Count the lines in the records that hold the string "then". Only the number should be given.

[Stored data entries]
***

lemma affine_mod_div_shift:
  fixes e L c g b0 b u :: nat
  assumes "e > 0" and b0: "[g * b0 = e] (mod e * L)"
  shows "(c + g * ((b + u * b0) mod (e * L))) mod (e * L) div e = ((c + g * b) mod (e * L) div e + u) mod L"
proof -
  define R where "R = (c + g * b) mod (e * L)"
  have "[c + g * ((b + u * b0) mod (e * L)) = c + g * (b + u * b0)] (mod e * L)"
    by (intro cong_add cong_mult) (auto simp: cong_def)
  also have "c + g * (b + u * b0) = c + g * b + u * (g * b0)" by (simp add: algebra_simps)
  also have "[c + g * b + u * (g * b0) = R + u * e] (mod e * L)"
    unfolding R_def by (intro cong_add cong_mult b0) (auto simp: cong_def)
  finally have "(c + g * ((b + u * b0) mod (e * L))) mod (e * L) = (R + u * e) mod (e * L)"
    unfolding cong_def .
  also have "\<dots> div e = (R + u * e) div e mod L"
    using assms(1) by (simp add: mod_mult2_eq)
  also have "(R + u * e) div e = R div e + u"
    using assms(1) by simp
  finally show ?thesis unfolding R_def .
qed
lemma sigma_finite_lebesgue: "sigma_finite_measure (lebesgue :: 'a::euclidean_space measure)"
proof
  let ?A = "range (\<lambda>n::nat. cball (0::'a) (real n))"
  show "\<exists>A. countable A \<and> A \<subseteq> sets (lebesgue :: 'a measure) \<and> \<Union> A = space lebesgue \<and> (\<forall>a\<in>A. emeasure lebesgue a \<noteq> \<infinity>)"
  proof (intro exI conjI)
    show "countable ?A" by simp
    show "?A \<subseteq> sets lebesgue" by auto
    show "\<Union> ?A = space lebesgue"
      by (auto simp: real_arch_simple)
    show "\<forall>a\<in>?A. emeasure lebesgue a \<noteq> \<infinity>"
      using emeasure_lborel_cball_finite by (auto simp: less_top)
  qed
qed

interpretation lebesgue: sigma_finite_measure "lebesgue :: 'a::euclidean_space measure"
  by (rule sigma_finite_lebesgue)

interpretation lebesgue_lebesgue: pair_sigma_finite "lebesgue :: 'a::euclidean_space measure" "lebesgue :: 'b::euclidean_space measure" ..

interpretation lborel_lebesgue: pair_sigma_finite "lborel :: 'a::euclidean_space measure" "lebesgue :: 'b::euclidean_space measure" ..

lemma borel_measurable_lebesgue_continuous:
  fixes f :: "'a::euclidean_space \<Rightarrow> 'b::metric_space"
  shows "continuous_on UNIV f \<Longrightarrow> f \<in> borel_measurable lebesgue"
  by (intro measurable_completion) (simp add: borel_measurable_continuous_onI)

lemma borel_measurable_lebesgue_pair_continuous:
  fixes f :: "'a::euclidean_space \<times> 'b::euclidean_space \<Rightarrow> 'c::metric_space"
  assumes "continuous_on UNIV f"
  shows "f \<in> borel_measurable (lebesgue \<Otimes>\<^sub>M lebesgue)"
proof -
  have "(\<lambda>x. x) \<in> borel_measurable (lebesgue :: 'a measure)" "(\<lambda>x. x) \<in> borel_measurable (lebesgue :: 'b measure)"
    using id_borel_measurable_lebesgue by (simp_all add: id_def)
  then have "(\<lambda>p. (fst p, snd p)) \<in> (lebesgue :: 'a measure) \<Otimes>\<^sub>M (lebesgue :: 'b measure) \<rightarrow>\<^sub>M borel \<Otimes>\<^sub>M borel"
    by (intro measurable_Pair measurable_compose[OF measurable_fst] measurable_compose[OF measurable_snd])
  then have "(\<lambda>p. p) \<in> (lebesgue :: 'a measure) \<Otimes>\<^sub>M (lebesgue :: 'b measure) \<rightarrow>\<^sub>M borel"
    by (simp add: borel_prod)
  from measurable_compose[OF this borel_measurable_continuous_onI[OF assms]] show ?thesis .
qed

lemma riesz_kernel_measurable[measurable]:
  "(\<lambda>(x, y). ennreal (norm (x - y) powr r)) \<in> borel_measurable ((lebesgue :: 'a::euclidean_space measure) \<Otimes>\<^sub>M lebesgue)"
proof -
  have "(\<lambda>p::'a \<times> 'a. norm (fst p - snd p)) \<in> borel_measurable (lebesgue \<Otimes>\<^sub>M lebesgue)"
    by (intro borel_measurable_lebesgue_pair_continuous continuous_intros)
  then show ?thesis
    using measurable_compose[of _ _ borel "\<lambda>z. ennreal (z powr r)"] by (simp add: case_prod_beta')
qed

lemma infdist_measurable[measurable]:
  "(\<lambda>x. infdist x A) \<in> borel_measurable (lebesgue :: 'a::euclidean_space measure)"
  by (intro borel_measurable_lebesgue_continuous continuous_intros)

lemma strip_sets[measurable]:
  assumes "open \<Omega>"
  shows "strip \<Omega> d \<in> sets lebesgue"
proof -
  have [measurable]: "\<Omega> \<in> sets lebesgue"
    using assms by simp
  show ?thesis
    unfolding strip_def by measurable
qed

section \<open>Splicing two sets at a given depth\<close>

definition splice_at_depth :: "'a::metric_space set \<Rightarrow> real \<Rightarrow> 'a set \<Rightarrow> 'a set \<Rightarrow> 'a set" where
  "splice_at_depth \<Omega> t A B = A \<inter> {x. t < infdist x (- \<Omega>)} \<union> B \<inter> {x. infdist x (- \<Omega>) \<le> t}"

lemma splice_at_depth_sets:
  fixes A B :: "'a::euclidean_space set"
  assumes "A \<in> sets lebesgue" "B \<in> sets lebesgue"
  shows "splice_at_depth \<Omega> t A B \<in> sets lebesgue"
proof -
  have "open {x::'a. t < infdist x (- \<Omega>)}" "closed {x::'a. infdist x (- \<Omega>) \<le> t}"
    by (intro open_Collect_less closed_Collect_le continuous_intros)+
  then show ?thesis
    unfolding splice_at_depth_def using assms by auto
qed

lemma splice_at_depth_inner:
  "t \<le> d \<Longrightarrow> splice_at_depth \<Omega> t A B \<inter> (\<Omega> - strip \<Omega> d) = A \<inter> (\<Omega> - strip \<Omega> d)"
  by (auto simp: splice_at_depth_def strip_def)

lemma splice_at_depth_boundary:
  "d \<le> t \<Longrightarrow> splice_at_depth \<Omega> t A B \<inter> strip \<Omega> d = B \<inter> strip \<Omega> d"
  by (auto simp: splice_at_depth_def strip_def)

***

:: Result of this exercise ::
4